The three Kenyan students are in Sweden together with politicians and officials from Homa Bay. The visit is part of a knowledge exchange and development project, together with Härryda municipality, to increase young people’s awareness of career and life choices. The students’ program differs from that of the rest of the delegation and they have mainly been able to take part in various lessons at Hulebäcksgymnasiet.
– I really like the Swedish school. The students have been very friendly and I like the way the teachers work. That they involve the students in the lessons and that there is a lot of group work. In Kenya, teaching is based more on books, says Timothy Omondi Owuor who is 19 years old and has graduated from high school in Homa Bay.
Timothy, Daniel and Kayla have just joined a law class in the economics program. Today, law had to take a back seat for a quiz where the Swedish students had to place African countries on a map.

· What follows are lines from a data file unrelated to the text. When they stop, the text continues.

(* Let $H$ be a real Hilbert space, $T\subset H\times H$ a closed convex cone, $T(h):=\{z\in H:(h,z)\in T\}$ and $N:=T^\circ$. Consider: (i) there exists $\beta>0$ such that $\langle h,z\rangle\le-\beta$ for all $(h,z)\in N$ with $\|z\|=1$; (ii) there exists $\beta_1>0$ such that for each $h\in S_H\cap\operatorname{sqri}(\operatorname{Proj}_hT)$ there exists $z$ with $(h,z)\in T$ and $\langle h,z\rangle\ge\beta_1$. Then (i) implies (ii). If moreover $\operatorname{qri}N\neq\emptyset$ and $\operatorname{qri}(\operatorname{Proj}_zN)\subset\operatorname{sqri}(\operatorname{Proj}_hT)$, then (ii) implies (i).
   Context: $S_H$ is the unit sphere of $H$. $T^\circ:=\{(a,b)\in H\times H:\langle a,h\rangle+\langle b,z\rangle\le0\ \forall(h,z)\in T\}$. For $S\subset H\times H$: $\operatorname{Proj}_hS:=\{h:\exists z,\ (h,z)\in S\}$, $\operatorname{Proj}_zS:=\{z:\exists h,\ (h,z)\in S\}$. For a set $A$ in a Hilbert space: $\operatorname{qri}A:=\{x\in A:\overline{\operatorname{cone}}(A-x)\text{ is a linear subspace}\}$ and $\operatorname{sqri}A:=\{x\in A:\operatorname{cone}(A-x)\text{ is a closed linear subspace}\}$, where $\operatorname{cone}(A-x)$ is the cone generated by $A-x$ and $\overline{\operatorname{cone}}$ its norm closure. *)

theory Defs
  imports "HOL-Analysis.Analysis"
begin

definition polar :: "('a::real_inner \<times> 'a) set \<Rightarrow> ('a \<times> 'a) set" where
  "polar T = {(a, b). \<forall>(h, z)\<in>T. inner a h + inner b z \<le> 0}"

definition proj_h :: "('a \<times> 'a) set \<Rightarrow> 'a set" where
  "proj_h S = {h. \<exists>z. (h, z) \<in> S}"

definition proj_z :: "('a \<times> 'a) set \<Rightarrow> 'a set" where
  "proj_z S = {z. \<exists>h. (h, z) \<in> S}"
lemma ex_common_bound:
  "(\<And>j. j < (N::nat) \<Longrightarrow> \<exists>c. P j c) \<Longrightarrow> (\<And>j a b. j < N \<Longrightarrow> P j (a::nat) \<Longrightarrow> a \<le> b \<Longrightarrow> P j b)
   \<Longrightarrow> \<exists>c. \<forall>j<N. P j c"
proof (induction N)
  case 0 then show ?case by simp
next
  case (Suc N)
  then obtain c where c: "\<forall>j<N. P j c" by (metis less_SucI)
  obtain c' where c': "P N c'" using Suc.prems(1) by blast
  have "P j (c + c')" if "j < Suc N" for j
  proof (cases "j < N")
    case True then show ?thesis using c Suc.prems(2)[of j c "c + c'"] that by simp
  next
    case False
    with that have "j = N" by simp
    then show ?thesis using c' Suc.prems(2)[of N c' "c + c'"] by simp
  qed
  then show ?case by blast
qed

lemma concat_map_telescope:
  "A 0 = [] \<Longrightarrow> (\<And>j. j < n \<Longrightarrow> B j @ C j @ A (Suc j) = D j) \<Longrightarrow>
   concat (map (\<lambda>j. A j @ U j @ B j @ C j) [0..<n]) @ A n = concat (map (\<lambda>j. U j @ D j) [0..<n])"
proof (induction n)
  case 0 then show ?case by simp
next
  case (Suc n)
  then have IH: "concat (map (\<lambda>j. A j @ U j @ B j @ C j) [0..<n]) @ A n
      = concat (map (\<lambda>j. U j @ D j) [0..<n])" by simp
  have "B n @ C n @ A (Suc n) = D n" using Suc.prems by simp
  then show ?case by (simp flip: IH)
qed

lemma interleave_eq_concat_map: "length us = length ws + 1 \<Longrightarrow>
  interleave us ws = concat (map (\<lambda>j. us ! j @ ws ! j) [0..<length ws]) @ us ! length ws"
proof (induction ws arbitrary: us)
  case Nil then obtain u where "us = [u]" by (cases us) auto
  then show ?case by simp
next
  case (Cons w ws)
  then obtain u us' where us: "us = u # us'" by (cases us) auto
  have "[0..<length (w # ws)] = 0 # map Suc [0..<length ws]"
    by (simp add: map_Suc_upt upt_conv_Cons del: upt_Suc)
  then show ?case using Cons us by (simp add: comp_def)
qed

lemma upt_split_at: "i < n \<Longrightarrow> [0..<n] = [0..<i] @ [i] @ [Suc i..<n]"
  using upt_add_eq_append[of 0 i "n - i"] by (simp add: upt_conv_Cons)

lemma mod_div_mult_add: "a < (b::nat) \<Longrightarrow> (i * b + a) mod b = a \<and> (i * b + a) div b = i"
  by simp

section \<open>Pumping a loop pattern\<close>

locale pattern =
  fixes d :: nat and us vs :: "'a list list"
  assumes length_us: "length us = length vs + 1"
    and dvd_length_loops: "\<And>v. v \<in> set vs \<Longrightarrow> d dvd length v"
begin

abbreviation "n \<equiv> length vs"

abbreviation ctx_lang :: "nat \<Rightarrow> 'a list set" where
  "ctx_lang j \<equiv> {a @ us ! j @ b | a b. a \<in> left_ctx vs j \<and> b \<in> right_ctx vs j}"

lemma dvd_length_loop: "j < n \<Longrightarrow> d dvd length (vs ! j)"
  using dvd_length_loops nth_mem by blast

text \<open>Lists are 0-based: \<open>pump_prefix m i\<close> is the prefix of \<open>pump m\<close> ending with \<open>us ! i\<close>, and
\<open>pump_suffix m i\<close> the suffix after the block \<open>word_pow (vs ! i) m\<close> that follows it.\<close>

definition pump :: "nat \<Rightarrow> 'a list" where
  "pump m = concat (map (\<lambda>j. us ! j @ word_pow (vs ! j) m) [0..<n]) @ us ! n"

definition pump_prefix :: "nat \<Rightarrow> nat \<Rightarrow> 'a list" where
  "pump_prefix m i = concat (map (\<lambda>j. us ! j @ word_pow (vs ! j) m) [0..<i]) @ us ! i"

definition pump_suffix :: "nat \<Rightarrow> nat \<Rightarrow> 'a list" where
  "pump_suffix m i = concat (map (\<lambda>j. us ! j @ word_pow (vs ! j) m) [Suc i..<n]) @ us ! n"

lemma pump_split: "i < n \<Longrightarrow> pump m = pump_prefix m i @ word_pow (vs ! i) m @ pump_suffix m i"
  unfolding pump_def pump_prefix_def pump_suffix_def by (simp add: upt_split_at[of i n])

lemma pump_eq_prefix: "pump m = pump_prefix m n"
  unfolding pump_def pump_prefix_def by simp

lemma pump_prefix_Suc: "pump_prefix m (Suc i) = pump_prefix m i @ word_pow (vs ! i) m @ us ! Suc i"
  unfolding pump_prefix_def by simp

lemma interleave_pump: "interleave us (map (\<lambda>v. word_pow v m) vs) = pump m"
  unfolding pump_def
  by (subst interleave_eq_concat_map) (auto simp: length_us intro!: arg_cong[where f=concat] map_cong)

lemma interleave_pump_delete:
  assumes i: "i < n"
  shows "interleave us (map (\<lambda>v. word_pow v m) (vs[i := []])) = pump_prefix m i @ pump_suffix m i"
proof -
  define F where "F = (\<lambda>j. us ! j @ map (\<lambda>v. word_pow v m) (vs[i := []]) ! j)"
  define G where "G = (\<lambda>j. us ! j @ word_pow (vs ! j) m)"
  have before: "map F [0..<i] = map G [0..<i]"
    using i unfolding F_def G_def by (intro map_cong) (auto simp: nth_list_update)
  have after: "map F [Suc i..<n] = map G [Suc i..<n]"
    using i unfolding F_def G_def by (intro map_cong) (auto simp: nth_list_update)
  have "interleave us (map (\<lambda>v. word_pow v m) (vs[i := []])) = concat (map F [0..<n]) @ us ! n"
    using interleave_eq_concat_map[of us "map (\<lambda>v. word_pow v m) (vs[i := []])"] length_us
    unfolding F_def by simp
  also have "\<dots> = concat (map G [0..<i]) @ us ! i @ concat (map G [Suc i..<n]) @ us ! n"
    unfolding upt_split_at[OF i] map_append before after using i by (simp add: F_def)
  finally show ?thesis unfolding pump_prefix_def pump_suffix_def G_def by simp
qed

lemma emb_d_pump_prefix_mono: "a \<le> b \<Longrightarrow> i \<le> n \<Longrightarrow> emb_d d (pump_prefix a i) (pump_prefix b i)"
  unfolding pump_prefix_def by (rule emb_d_append[OF emb_d_concat_map emb_d_refl])
    (auto intro!: emb_d_append[OF emb_d_refl] emb_d_word_pow_mono dvd_length_loop)

lemma emb_d_pump_suffix_mono: "a \<le> b \<Longrightarrow> emb_d d (pump_suffix a i) (pump_suffix b i)"
  unfolding pump_suffix_def by (rule emb_d_append[OF emb_d_concat_map emb_d_refl])
    (auto intro!: emb_d_append[OF emb_d_refl] emb_d_word_pow_mono dvd_length_loop)

lemma emb_d_pump_mono: "a \<le> b \<Longrightarrow> emb_d d (pump a) (pump b)"
  using emb_d_pump_prefix_mono[of a b n] pump_eq_prefix by simp

lemma length_pump_prefix_mod: "i \<le> n \<Longrightarrow> length (pump_prefix m i) mod d = length (pump_prefix 0 i) mod d"
  using emb_d_length_mod[OF emb_d_pump_prefix_mono[of 0 m i]] by simp

lemma length_pump_suffix_mod: "length (pump_suffix m i) mod d = length (pump_suffix 0 i) mod d"
  using emb_d_length_mod[OF emb_d_pump_suffix_mono[of 0 m i]] by simp

lemma emb_d_pump_of_pat_lang:
  assumes "p \<in> pat_lang us vs"
  shows "\<exists>c. emb_d d p (pump c)"
proof -
  obtain ws where ws: "p = interleave us ws" "length ws = n" "\<forall>i<n. ws ! i \<in> wstar (vs ! i)"
    using assms unfolding pat_lang_def by blast
  have "\<forall>j. \<exists>m. j < n \<longrightarrow> ws ! j = word_pow (vs ! j) m" using ws(3) wstar_iff_word_pow by blast
  then obtain e where e: "\<And>j. j < n \<Longrightarrow> ws ! j = word_pow (vs ! j) (e j)" by metis
  define c where "c = (\<Sum>j<n. e j)"
  have ec: "j < n \<Longrightarrow> e j \<le> c" for j unfolding c_def by (rule member_le_sum) auto
  have "p = concat (map (\<lambda>j. us ! j @ ws ! j) [0..<n]) @ us ! n"
    using interleave_eq_concat_map[of us ws] ws length_us by simp
  also have "emb_d d \<dots> (pump c)" unfolding pump_def
    by (intro emb_d_append emb_d_refl emb_d_concat_map)
      (auto simp: e intro!: emb_d_append[OF emb_d_refl] emb_d_word_pow_mono ec dvd_length_loop)
  finally show ?thesis by blast
qed

lemma pump_in_pat_lang: "pump m \<in> pat_lang us vs"
  unfolding pat_lang_def wstar_iff_word_pow
  by (rule CollectI, rule exI[of _ "map (\<lambda>v. word_pow v m) vs"]) (auto simp: interleave_pump)

lemma down_pat_lang_eq: "down_d d (pat_lang us vs) = {u. \<exists>m. emb_d d u (pump m)}"
proof
  show "down_d d (pat_lang us vs) \<subseteq> {u. \<exists>m. emb_d d u (pump m)}"
  proof
    fix u assume "u \<in> down_d d (pat_lang us vs)"
    then obtain p where "p \<in> pat_lang us vs" "emb_d d u p" unfolding down_d_def subword_d_iff_emb_d by blast
    with emb_d_pump_of_pat_lang obtain c where "emb_d d p (pump c)" by blast
    with \<open>emb_d d u p\<close> show "u \<in> {u. \<exists>m. emb_d d u (pump m)}" using emb_d_trans by blast
  qed
  show "{u. \<exists>m. emb_d d u (pump m)} \<subseteq> down_d d (pat_lang us vs)"
    unfolding down_d_def subword_d_iff_emb_d using pump_in_pat_lang by blast
qed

Swedish students need to become more motivated
Seventeen-year-old Kayla Rita Bugo is grateful for the opportunity to visit Sweden and the hospitality she experienced from everyone she met. She thinks that the Swedish students need to become more goal-oriented and think more about what they will do after graduation.
– Most of the people I have spoken to here do not know what they want to be after school. They need to have a goal with their education that they aim for. Don’t just go to school because they have to. In Kenya, people think more about the career and what the education should lead to, says Kayla, who herself wants to work as a software developer in the future.
Another difference between school in Kenya and Sweden is that in Kenya you have much longer school days and that you live in a boarding school at school. Nor do they have access to their own computers in teaching, as they have seen that the Swedish students have.